Марья Николаевна глянула на него.

– А вы, я вижу, шелковый! Вашей жене будет с вами легко. Этот шут, – продолжала она, указывая концом веера на завывавшего актера (он исполнял роль домашнего учителя), – напомнил мне мою молодость: я тоже была влюблена в учителя. Это была моя первая… нет, моя вторая пассия. В первый раз я влюбилась в служку Донского монастыря. Мне было двенадцать лет. Я видала его только по воскресеньям. Он носил бархатный подрясник, душился оделаваном, пробираясь в толпе с кадилом, говорил дамам по-французски: «пардон, экскюзе́» – и никогде не поднимал глаз, а ресницы у него были вот какие! – Марья Николаевна отделила ногтем большого пальца целую половину своего мизинца и показала Санину. – Учителя моего звали – monsieur Gaston! Надо вам сказать, что он был ужасно ученый и престрогий человек, из швейцарцев – и с таким энергическим лицом! Бакенбарды черные, как смоль, греческий профиль – и губы как из железа вылитые! Я его боялась! Я во всей моей жизни только одного этого человека и боялась. Он был гувернером моего брата, который потом умер… утонул. Одна цыганка и мне предсказала насильственную смерть, но это вздор. Я этому не верю. Представьте вы себе Ипполита Сидорыча с кинжалом?!.

– Можно умереть и не от кинжала, – заметил Санин.

– Всё это вздор! Вы суеверны? Я – нисколько. А чему быть, того не миновать. Monsieur Gaston жил у нас в доме, над моей головой. Бывало, я проснусь ночью и слышу его шаги – он очень поздно ложился – и сердце замирает от благоговения… или от другого чувства. Мой отец сам едва разумел грамоте, но воспитание нам дал хорошее. Знаете ли, что я по-латыни понимаю?

– Вы? по-латыни?

– Да – я. Меня monsieur Gaston выучил. Я с ним «Энеиду» прочла. Скучная вещь, но есть места хорошие. Помните, когда Дидона с Энеем в лесу… *

– Да, да, помню, – торопливо промолвил Санин. Сам он давным-давно всю свою латынь забыл и об «Энеиде» понятие имел слабое.

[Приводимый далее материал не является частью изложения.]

(* For every real number $C$ with $1 < C < \log_2 e$ there exists $\varepsilon=\varepsilon(C)>0$ such that for all integers $s \ge 2$ and $q$ with $1 \le \frac{q}{s} < C$, we have $R(s,q) \le (2-\varepsilon)^q$.
   Context: Let $Z_s$ be the ring of integers modulo $s$. A family $\mathcal{F} \subseteq Z_s^q$ is covering if for every ordered pair of distinct vectors $u,v \in \mathcal{F}$ and every $a \in Z_s$ there is a coordinate $i$ with $u_i - v_i = a$. $R(s,q)$ denotes the maximum possible cardinality of a covering family in $Z_s^q$. *)

theory Defs
  imports Complex_Main
begin

text \<open>Z_s^q: vectors u with coordinates u i in {0..<s} for i < q, and u i = 0 for i >= q
  (extensional representation, so distinct vectors are distinct functions).\<close>
definition Zvecs :: "nat \<Rightarrow> nat \<Rightarrow> (nat \<Rightarrow> nat) set" where
  "Zvecs s q = {u. (\<forall>i<q. u i < s) \<and> (\<forall>i\<ge>q. u i = 0)}"

definition covering :: "nat \<Rightarrow> nat \<Rightarrow> (nat \<Rightarrow> nat) set \<Rightarrow> bool" where
  "covering s q F \<longleftrightarrow> F \<subseteq> Zvecs s q \<and>
     (\<forall>u\<in>F. \<forall>v\<in>F. u \<noteq> v \<longrightarrow>
        (\<forall>a<s. \<exists>i<q. (int (u i) - int (v i)) mod int s = int a))"

definition R :: "nat \<Rightarrow> nat \<Rightarrow> nat" where
  "R s q = Max {card F | F. covering s q F}"

end

theory Submission
  imports
    Defs
    "HOL-Computational_Algebra.Polynomial"
    "Jordan_Normal_Form.Determinant"
    "HOL-Analysis.Harmonic_Numbers"
begin

(*
  Let j = q - s + 1 and let \<omega> be a primitive s-th root of unity. To each u in a covering
  family F attach the vectors a_u(S) = \<Prod>i\<in>S. \<omega>^(u i) and b_u(S) = \<Prod>i\<in>S. \<omega>^(-u i), indexed
  by the j-subsets S of the q coordinates. The pairing of a_u with b_v is the j-th elementary
  symmetric function of the numbers \<omega>^(u i - v i). For u = v it is (q choose j); for u \<noteq> v
  the covering property says these numbers include every s-th root of unity, whose elementary
  symmetric functions of degrees 1, ..., s - 1 vanish, while the remaining q - s numbers are too
  few to reach degree j; so the pairing is 0. Hence the a_u are linearly independent and
  |F| \<le> (q choose j). Finally q/s < log 2 e < 3/2 forces j \<le> (q + 2)/3, and binomial
  coefficients this far from the middle are exponentially smaller than 2^q.
*)

lemma card_le_card_if_biorthogonal:
  fixes a b :: "'x \<Rightarrow> 'y \<Rightarrow> 'a::idom"
  assumes X: "finite X" and Y: "finite Y" and "c \<noteq> 0"
    and biorth: "\<And>u v. u \<in> X \<Longrightarrow> v \<in> X \<Longrightarrow> (\<Sum>y\<in>Y. a u y * b v y) = (if u = v then c else 0)"
  shows "card X \<le> card Y"
proof (rule ccontr)
  define n where "n = card X"
  define m where "m = card Y"
  assume "\<not> card X \<le> card Y"
  then have "m < n"
    by (simp add: n_def m_def)
  obtain f where f: "bij_betw f {0..<n} X"
    using ex_bij_betw_nat_finite[OF X] by (auto simp: n_def)
  obtain g where g: "bij_betw g {0..<m} Y"
    using ex_bij_betw_nat_finite[OF Y] by (auto simp: m_def)
  \<comment> \<open>Zero-padding to n \<times> n: then A * B = c I, but B has zero rows, so det B = 0.\<close>
  define A where "A = Matrix.mat n n (\<lambda>(k, l). if l < m then a (f k) (g l) else 0)"
  define B where "B = Matrix.mat n n (\<lambda>(l, k). if l < m then b (f k) (g l) else 0)"
  have A: "A \<in> carrier_mat n n" and B: "B \<in> carrier_mat n n"
    by (simp_all add: A_def B_def)
  have "A * B = c \<cdot>\<^sub>m 1\<^sub>m n"
  proof (rule eq_matI)
    fix k k' assume "k < dim_row (c \<cdot>\<^sub>m 1\<^sub>m n)" "k' < dim_col (c \<cdot>\<^sub>m 1\<^sub>m n)"
    then have k: "k < n" "k' < n"
      by simp_all
    have "(A * B) $$ (k, k') = (\<Sum>l\<in>{0..<n}. if l < m then a (f k) (g l) * b (f k') (g l) else 0)"
      using k unfolding A_def B_def by (auto simp: scalar_prod_def intro: sum.cong)
    also have "\<dots> = (\<Sum>l\<in>{0..<m}. a (f k) (g l) * b (f k') (g l))"
      using \<open>m < n\<close> by (intro sum.mono_neutral_cong_right) auto
    also have "\<dots> = (\<Sum>y\<in>Y. a (f k) y * b (f k') y)"
      by (rule sum.reindex_bij_betw[OF g])
    also have "\<dots> = (if f k = f k' then c else 0)"
      using biorth f k by (simp add: bij_betwE)
    also have "\<dots> = (if k = k' then c else 0)"
      using inj_on_eq_iff[OF bij_betw_imp_inj_on[OF f]] k by simp
    finally show "(A * B) $$ (k, k') = (c \<cdot>\<^sub>m 1\<^sub>m n) $$ (k, k')"
      using k by simp
  qed (simp_all add: A_def B_def)
  then have "c ^ n = det A * det B"
    using det_mult[OF A B] by simp
  moreover have "det B = 0"
    unfolding det_def'[OF B]
  proof (intro sum.neutral ballI)
    fix p assume "p \<in> {p. p permutes {0..<n}}"
    then have "p (n - 1) < n"
      using \<open>m < n\<close> permutes_in_image[of p "{0..<n}" "n - 1"] by simp
    then have "(\<Prod>i = 0..<n. B $$ (i, p i)) = 0"
      using \<open>m < n\<close> by (intro prod_zero bexI[of _ "n - 1"]) (simp_all add: B_def)
    then show "signof p * (\<Prod>i = 0..<n. B $$ (i, p i)) = 0"
      by simp
  qed
  ultimately show False
    using \<open>c \<noteq> 0\<close> by simp
qed

lemma prod_monom_1:
  "finite A \<Longrightarrow> (\<Prod>i\<in>A. monom (c i) 1) = monom (\<Prod>i\<in>A. c i) (card A)"
  by (induction A rule: finite_induct) (simp_all add: mult_monom)

lemma coeff_prod_linear_factors:
  fixes z :: "'i \<Rightarrow> 'a::comm_ring_1"
  assumes "finite A"
  shows "coeff (\<Prod>i\<in>A. [:1, z i:]) k = (\<Sum>S | S \<subseteq> A \<and> card S = k. \<Prod>i\<in>S. z i)"
proof -
  have "(\<Prod>i\<in>A. [:1, z i:]) = (\<Prod>i\<in>A. monom (z i) 1 + 1)"
    by (simp add: monom_altdef one_pCons)
  also have "\<dots> = (\<Sum>S\<in>Pow A. (\<Prod>i\<in>S. monom (z i) 1) * (\<Prod>i\<in>A - S. 1))"
    by (rule prod_add[OF assms])
  also have "\<dots> = (\<Sum>S\<in>Pow A. monom (\<Prod>i\<in>S. z i) (card S))"
  proof (intro sum.cong refl)
    fix S assume "S \<in> Pow A"
    then have "finite S"
      using assms finite_subset by blast
    from prod_monom_1[OF this, of z]
    show "(\<Prod>i\<in>S. monom (z i) 1) * (\<Prod>i\<in>A - S. 1) = monom (\<Prod>i\<in>S. z i) (card S)"
      by simp
  qed
  finally have "coeff (\<Prod>i\<in>A. [:1, z i:]) k = (\<Sum>S\<in>Pow A. if card S = k then \<Prod>i\<in>S. z i else 0)"
    by (simp add: coeff_sum coeff_monom)
  also have "\<dots> = (\<Sum>S | S \<subseteq> A \<and> card S = k. \<Prod>i\<in>S. z i)"
    using assms by (simp add: sum.If_cases Int_def conj_commute)
  finally show ?thesis .
qed

lemma coeff_prod_roots_unity_eq_0:
  assumes "0 < k" "k < n"
  shows "coeff (\<Prod>w | w ^ n = 1. [:1, w:]) k = (0::complex)"
proof -
  let ?U = "{w::complex. w ^ n = 1}"
  let ?P = "\<Prod>w\<in>?U. [:1, w:]"
  have "\<not> ?U \<subseteq> {w. w ^ k = 1}"
  proof
    assume "?U \<subseteq> {w. w ^ k = 1}"
    then have "card ?U \<le> card {w::complex. w ^ k = 1}"
      using assms by (intro card_mono finite_roots_unity) auto
    also have "\<dots> \<le> k"
      using assms by (intro card_roots_unity) auto
    finally show False
      using assms card_roots_unity_eq[of n] by simp
  qed
  then obtain \<zeta> :: complex where \<zeta>: "\<zeta> ^ n = 1" "\<zeta> ^ k \<noteq> 1"
    by blast
  have "\<zeta> \<noteq> 0"
    using \<zeta> assms by (auto simp: power_0_left)
  \<comment> \<open>Multiplication by \<zeta> permutes the n-th roots of unity, so P(\<zeta>x) = P(x).\<close>
  have "pcompose ?P [:0, \<zeta>:] = (\<Prod>w\<in>?U. [:1, \<zeta> * w:])"
    by (simp add: pcompose_prod pcompose_pCons mult.commute)
  also have "\<dots> = ?P"
    by (rule prod.reindex_bij_witness[where i = "\<lambda>w. w / \<zeta>" and j = "\<lambda>w. \<zeta> * w"])
      (use \<zeta> \<open>\<zeta> \<noteq> 0\<close> in \<open>auto simp: power_mult_distrib power_divide\<close>)
  finally have "\<zeta> ^ k * coeff ?P k = coeff ?P k"
    by (metis coeff_pcompose_linear)
  with \<zeta> show ?thesis
    by (metis mult_cancel_right2)
qed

Марья Николаевна глянула на него, по своей привычке, несколько вбок и из-под низу.

– Вы не думайте, однако, что я очень учена. Ах, боже мой, нет – я не учена, и никаких талантов у меня нет. Писать едва умею… право; читать громко не могу; ни на фортепьяно, ни рисовать, ни шить – ничего! Вот я какая – вся тут!

Она расставила руки.

– Я вам всё это рассказываю, – продолжала она, – во-первых, для того, чтобы не слушать этих дураков (она указала на сцену, где в это мгновение вместо актера подвывала актриса, тоже выставив локти вперед), а во-вторых, для того, что я перед вами в долгу: вы вчера мне про себя рассказывали.

– Вам угодно было спросить меня, – заметил Санин.

Марья Николаевна внезапно повернулась к нему.

– А вам не угодно знать, что собственно я за женщина? Впрочем, я не удивляюсь, – прибавила она, снова прислонясь к подушкам дивана. – Человек собирается жениться, да еще по любви, да после дуэли… Где ему помышлять о чем-нибудь другом?

Марья Николаевна задумалась и начала кусать ручку веера своими крупными, но ровными и, как молоко, белыми зубами.

А Санину казалось, что ему в голову опять стал подниматься тот чад, от которого он не мог отделаться вот уже второй день.

Разговор между им и Марьей Николаевной происходил вполголоса, почти шёпотом – и это еще более его раздражало и волновало его…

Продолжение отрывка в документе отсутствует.